Читаем Циолковский полностью

Лет с четырнадцати-пятнадцати я стал интересоваться физикой, химией, механикой, астрономией, математикой и т. д. Книг было, правда, мало, и я погружался больше в собственные мои мысли.

Я, не останавливаясь, думал, исходя из прочитанного. Многого я не понимал, объяснить было некому и невозможно при моем недостатке. Это тем более возбуждало самодеятельность ума.

Э. И. Циолковский, отец ученого.
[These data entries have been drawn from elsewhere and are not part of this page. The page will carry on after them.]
(* Let $v_0\ge 1$ be an integer and let $f=1+\sum_{v\ge v_0}p_vx^v\in K[[x]]$ with $p_{v_0}=1$. Define the coefficients $\mathfrak p_{uv}^w\in K$ ($u,v,w\in\mathbb N_0$) as follows. Put $g=\dfrac{f\,(f^{v_0}-1)}{f'}\in K[[x]]$. Let $G=\sum_{v\ge 0}g_v(x)y^v\in K[[x]][[y]]$ be the unique series with $g_0=x$ satisfying $$G_y(x,y)=g(x)f'(y)G_x(x,y)-\bigl(f(y)-1\bigr)G_y(x,y).$$ Set $\mathfrak p_{uv}^0=\delta_{0,u+v}$, let $\mathfrak p_{uv}^1$ be the coefficient of $x^uy^v$ in $G$, and for $w>1$ set recursively $\mathfrak p_{uv}^w=\sum_{u_1+u_2=u,\ v_1+v_2=v}\mathfrak p_{u_1v_1}^1\mathfrak p_{u_2v_2}^{w-1}$. Then for all $i,j,k\in\mathbb N_0$, $$\sum_{a+b=j}\sum_{h=0}^i\sum_{l=0}^k \mathfrak p_{ia}^h\mathfrak p_{kb}^l\mathfrak p_{hl}^1=\sum_{c+d=k}\sum_{h=0}^i\sum_{l=0}^j \mathfrak p_{ic}^h\mathfrak p_{jd}^l\mathfrak p_{hl}^1,$$ where the sums over $a+b=j$ and $c+d=k$ run over pairs of nonnegative integers.
   Context: $K$ is an algebraically closed field of characteristic $0$. $K[[x]]$ and $K[[x]][[y]]=K[[x,y]]$ are formal power series rings; $f'$ is the formal derivative of $f$, and $G_x,G_y$ are the formal partial derivatives of $G$. Since $f'$ has order $v_0-1$ and $f(f^{v_0}-1)$ has order $v_0$, $g$ is a well-defined power series lying in $x+x^2K[[x]]$; comparing coefficients of $y^v$ in the displayed differential equation determines the $g_v$ recursively from $g_0=x$, so $G$ is well defined. *)

theory Defs
  imports "HOL-Computational_Algebra.Computational_Algebra"
begin

text \<open>Series in K[[x]][[y]] are represented as ''a fps fps: the outer variable is y,
  the inner variable is x. So (G $ v) $ u is the coefficient of x^u y^v.\<close>

definition fps_in_y :: "'a::comm_ring_1 fps \<Rightarrow> 'a fps fps" where
  "fps_in_y f = Abs_fps (\<lambda>v. fps_const (f $ v))"

definition fps_deriv_x :: "'a::comm_ring_1 fps fps \<Rightarrow> 'a fps fps" where
  "fps_deriv_x G = Abs_fps (\<lambda>v. fps_deriv (G $ v))"

text \<open>g = f (f^v0 - 1) / f'  (exact division in K[[x]]).\<close>
definition g_series :: "nat \<Rightarrow> 'a::field fps \<Rightarrow> 'a fps" where
  "g_series v0 f = (f * (f ^ v0 - 1)) div fps_deriv f"

definition is_G :: "nat \<Rightarrow> 'a::field fps \<Rightarrow> 'a fps fps \<Rightarrow> bool" where
  "is_G v0 f G \<longleftrightarrow> G $ 0 = fps_X \<and>
     fps_deriv G = fps_const (g_series v0 f) * fps_in_y (fps_deriv f) * fps_deriv_x G
                   - (fps_in_y f - 1) * fps_deriv G"

text \<open>The coefficients p_{uv}^w: pfrak G w u v.\<close>
fun pfrak :: "'a::comm_ring_1 fps fps \<Rightarrow> nat \<Rightarrow> nat \<Rightarrow> nat \<Rightarrow> 'a" where
  "pfrak G 0 u v = (if u + v = 0 then 1 else 0)"
| "pfrak G (Suc 0) u v = (G $ v) $ u"
| "pfrak G (Suc (Suc w)) u v =
     (\<Sum>u1\<le>u. \<Sum>v1\<le>v. pfrak G (Suc 0) u1 v1 * pfrak G (Suc w) (u - u1) (v - v1))"

end

theory Submission
  imports Defs
begin

text \<open>Write \<open>F = f^(-v0)\<close> and \<open>\<gamma> = g / v0\<close>, so that \<open>\<gamma> F' = F - 1\<close>. Let \<open>C(x,t)\<close> be the
  flow of the vector field \<open>\<gamma>(x) \<partial>\<^sub>x + (1 + t) \<partial>\<^sub>t\<close>, i.e. the solution of
  \<open>\<gamma> C\<^sub>x + (1 + t) C\<^sub>t = 0\<close> with \<open>C(x,0) = x\<close>. The defining equation of \<open>G\<close> has unique
  solutions and is satisfied by \<open>C(x, F(y) - 1)\<close>, so \<open>G(x,y) = C(x, F(y) - 1)\<close>, and
  \<open>u \<mapsto> u(G(x,y))\<close> is a ring homomorphism sending \<open>x^h\<close> to \<open>G^h\<close>. Hence the left-hand
  side is the coefficient of \<open>x^i z^k y^j\<close> in \<open>G(G(x,y), G(z,y))\<close>. The group law
  \<open>C(C(x,s),t) = C(x, s + t + s t)\<close> of the flow and the identity
  \<open>F(y) (F(G(z,y)) - 1) = F(z) - 1\<close> turn this series into \<open>C(x, (F(y) - 1) + (F(z) - 1))\<close>,
  which is symmetric in \<open>y\<close> and \<open>z\<close>.\<close>

section \<open>Power series in two variables\<close>

lemma fps_X_power_dvd_iff: "fps_X ^ n dvd (p :: 'a::idom fps) \<longleftrightarrow> (\<forall>t<n. p $ t = 0)"
proof
  assume "fps_X ^ n dvd p"
  then obtain q where "p = fps_X ^ n * q" by blast
  then show "\<forall>t<n. p $ t = 0" by (simp add: fps_X_power_mult_nth)
next
  assume "\<forall>t<n. p $ t = 0"
  then have "p = fps_shift n p * fps_X ^ n"
    by (cases "p = 0") (auto intro!: fps_shift_times_fps_X_power[symmetric] subdegree_geI)
  then show "fps_X ^ n dvd p" by (metis dvd_triv_right)
qed

lemma fps_of_nat_Suc_mult_eq_0_iff:
  "of_nat (Suc n) * (a :: 'a::{idom, semiring_char_0} fps) = 0 \<longleftrightarrow> a = 0"
  by (simp flip: fps_of_nat del: of_nat_Suc)

lemma fps_const_sum: "fps_const (sum f S) = (\<Sum>i\<in>S. fps_const (f i))"
  by (induction S rule: infinite_finite_induct) (auto simp flip: fps_const_add)

lemma fps_in_y_nth [simp]: "fps_in_y a $ n = fps_const (a $ n)"
  by (simp add: fps_in_y_def)

lemma fps_in_y_1 [simp]: "fps_in_y 1 = 1"
  by (simp add: fps_eq_iff)

lemma fps_in_y_of_nat [simp]: "fps_in_y (of_nat n) = of_nat n"
  by (simp add: fps_eq_iff flip: fps_of_nat)

lemma fps_in_y_diff: "fps_in_y (a - b) = fps_in_y a - fps_in_y b"
  by (simp add: fps_eq_iff)

lemma fps_in_y_uminus: "fps_in_y (- a) = - fps_in_y a"
  by (simp add: fps_eq_iff)

lemma fps_in_y_mult: "fps_in_y (a * b) = fps_in_y a * fps_in_y b"
  by (simp add: fps_eq_iff fps_mult_nth fps_const_sum)

lemma fps_in_y_power: "fps_in_y (a ^ n) = fps_in_y a ^ n"
  by (induction n) (simp_all add: fps_in_y_mult)

lemma fps_deriv_fps_in_y: "fps_deriv (fps_in_y a) = fps_in_y (fps_deriv a)"
  by (simp add: fps_eq_iff flip: fps_of_nat)

lemma fps_deriv_x_nth [simp]: "fps_deriv_x Z $ n = fps_deriv (Z $ n)"
  by (simp add: fps_deriv_x_def)

lemma fps_deriv_x_add: "fps_deriv_x (A + B) = fps_deriv_x A + fps_deriv_x B"
  by (simp add: fps_eq_iff)

lemma fps_deriv_x_diff: "fps_deriv_x (A - B) = fps_deriv_x A - fps_deriv_x B"
  by (simp add: fps_eq_iff)

lemma fps_deriv_x_mult: "fps_deriv_x (A * B) = fps_deriv_x A * B + A * fps_deriv_x B"
  by (simp add: fps_eq_iff fps_mult_nth fps_deriv_sum sum.distrib)

lemma fps_deriv_x_compose_fps_in_y:
  "fps_deriv_x (A oo fps_in_y b) = fps_deriv_x A oo fps_in_y b"
  by (simp add: fps_eq_iff fps_compose_nth fps_deriv_sum flip: fps_in_y_power)

definition fps_coeff_x :: "nat \<Rightarrow> 'a::comm_ring_1 fps fps \<Rightarrow> 'a fps" where
  "fps_coeff_x i Z = Abs_fps (\<lambda>v. Z $ v $ i)"

lemma fps_coeff_x_nth [simp]: "fps_coeff_x i Z $ v = Z $ v $ i"
  by (simp add: fps_coeff_x_def)

lemma fps_coeff_x_fps_in_y_mult: "fps_coeff_x i (fps_in_y p * Z) = p * fps_coeff_x i Z"
  by (rule fps_ext) (simp add: fps_mult_nth[of "fps_in_y p"] fps_mult_nth[of p] fps_sum_nth)

lemma fps_coeff_x_fps_const: "fps_coeff_x i (fps_const c) = fps_const (c $ i)"
  by (rule fps_ext) simp

lemma sum_nth_nth_mult_eq_fps_coeff_x_mult:
  "(\<Sum>a\<le>j. X $ a $ i * Y $ (j - a) $ k) = (fps_coeff_x i X * fps_coeff_x k Y) $ j"
  by (simp add: fps_mult_nth atLeast0AtMost)

lemma fps_in_y_deriv_eq_imp_eq_0:
  fixes Z :: "'a::field_char_0 fps fps"
  assumes "f $ 0 \<noteq> 0"
    and "fps_in_y f * fps_deriv Z = H * fps_deriv_x Z"
    and "Z $ 0 = 0"
  shows "Z = 0"
proof -
  have "\<forall>m\<le>n. Z $ m = 0" for n
  proof (induction n)
    case (Suc n)
    have vanish: "Z $ Suc (n - i) = 0" if "0 < i" "i \<le> n" for i
      using Suc.IH that by (simp add: Suc_le_eq)
    have "(fps_in_y f * fps_deriv Z) $ n
        = (\<Sum>i\<le>n. fps_const (f $ i) * (of_nat (n - i + 1) * Z $ (n - i + 1)))"
      by (simp add: fps_mult_nth atLeast0AtMost)
    also have "\<dots> = fps_const (f $ 0) * (of_nat (Suc n) * Z $ Suc n)"
      by (subst sum.remove[of _ 0]) (auto intro!: sum.neutral simp: vanish simp del: of_nat_Suc)
    finally have "(fps_in_y f * fps_deriv Z) $ n = fps_const (f $ 0) * (of_nat (Suc n) * Z $ Suc n)"
      .
    moreover have "(H * fps_deriv_x Z) $ n = 0"
      using Suc.IH by (simp add: fps_mult_nth)
    ultimately have "of_nat (Suc n) * Z $ Suc n = 0"
      using assms(1,2) by simp
    then have "Z $ Suc n = 0"
      by (simp only: fps_of_nat_Suc_mult_eq_0_iff)
    then show ?case
      using Suc.IH by (auto simp: le_Suc_eq)
  qed (simp add: assms(3))
  then show ?thesis by (metis fps_ext fps_zero_nth order_refl)
qed

lemma fps_X_power_dvd_nth_mult:
  fixes A B :: "'a::idom fps fps"
  assumes "\<And>v. fps_X ^ a dvd A $ v" and "\<And>v. fps_X ^ b dvd B $ v"
  shows "fps_X ^ (a + b) dvd (A * B) $ v"
  using assms by (auto simp: fps_mult_nth power_add intro!: dvd_sum mult_dvd_mono)

lemma fps_X_power_dvd_nth_power:
  fixes A :: "'a::idom fps fps"
  assumes "\<And>v. fps_X dvd A $ v"
  shows "fps_X ^ h dvd (A ^ h) $ v"
proof (induction h arbitrary: v)
  case (Suc h)
  then show ?case
    using fps_X_power_dvd_nth_mult[of 1 A h "A ^ h"] assms by simp
qed simp

lemma fps_hom_nth_nth_truncate:
  fixes \<Phi> :: "'a::idom fps \<Rightarrow> 'a fps fps"
  assumes add: "\<And>u w. \<Phi> (u + w) = \<Phi> u + \<Phi> w"
    and mult: "\<And>u w. \<Phi> (u * w) = \<Phi> u * \<Phi> w"
    and const: "\<And>c. \<Phi> (fps_const c) = fps_const (fps_const c)"
    and X: "\<And>v. \<Phi> fps_X $ v $ 0 = 0"
  shows "\<Phi> u $ a $ i = (\<Sum>h\<le>i. u $ h * (\<Phi> fps_X ^ h) $ a $ i)"
proof -
  have power: "\<Phi> (w ^ n) = \<Phi> w ^ n" for w n
    using const[of 1] by (induction n) (simp_all add: mult)
  have sum: "\<Phi> (\<Sum>h\<in>H. p h) = (\<Sum>h\<in>H. \<Phi> (p h))" for p and H :: "nat set"
    using const[of 0] by (induction H rule: infinite_finite_induct) (simp_all add: add)
  define p where "p = (\<Sum>h\<le>i. fps_const (u $ h) * fps_X ^ h)"
  have "p $ n = (\<Sum>h\<le>i. if n = h then u $ n else 0)" for n
    unfolding p_def fps_sum_nth by (rule sum.cong) auto
  then have "u = p + fps_X ^ Suc i * fps_shift (Suc i) u"
    by (intro fps_ext) (simp add: fps_X_power_mult_nth del: power_Suc)
  then have "\<Phi> u = \<Phi> (p + fps_X ^ Suc i * fps_shift (Suc i) u)"
    by (rule arg_cong)
  also have "\<dots> = \<Phi> p + \<Phi> fps_X ^ Suc i * \<Phi> (fps_shift (Suc i) u)"
    by (simp only: add mult power)
  finally have "\<Phi> u = \<Phi> p + \<Phi> fps_X ^ Suc i * \<Phi> (fps_shift (Suc i) u)" .
  moreover have "\<Phi> p = (\<Sum>h\<le>i. fps_const (fps_const (u $ h)) * \<Phi> fps_X ^ h)"
    by (simp only: p_def sum mult const power)
  moreover have "(\<Phi> fps_X ^ Suc i * \<Phi> (fps_shift (Suc i) u)) $ a $ i = 0"
  proof -
    have "fps_X ^ (Suc i + 0) dvd (\<Phi> fps_X ^ Suc i * \<Phi> (fps_shift (Suc i) u)) $ a"
    proof (rule fps_X_power_dvd_nth_mult)
      show "fps_X ^ Suc i dvd (\<Phi> fps_X ^ Suc i) $ v" for v
        using X by (intro fps_X_power_dvd_nth_power) (simp add: fps_X_power_dvd_iff[of 1, simplified])
    qed simp
    then show ?thesis
      unfolding fps_X_power_dvd_iff by (simp del: power_Suc)
  qed
  ultimately show ?thesis
    by (simp add: fps_sum_nth del: power_Suc)
qed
Фотография 80-х годов.


...Глухота заставляла непрерывно страдать мое самолюбие, была моим погоняем, кнутом, который гнал меня всю жизнь и теперь гонит, она отделяла меня от людей, от их шаблонного счастья, заставляла меня сосредоточиться и отдаться своим навеянным наукою мыслям».

Таким образом, хотя это и звучит парадоксально, Циолковский считал впоследствии свою тугоухость если не причиною, то сильнейшим толчком, который помог развернуться его научному творчеству.

«...Без нее [без глухоты], — писал он в той же рукописи, — я никогда не сделал бы и не закончил столько работ. Если бы она была раньше на 10 лет, то я не получил бы языка, грамоты, достаточно здоровья, жизнеспособности, не мог бы перейти к науке, не вынес бы произведенного глухотою разрушения»[5].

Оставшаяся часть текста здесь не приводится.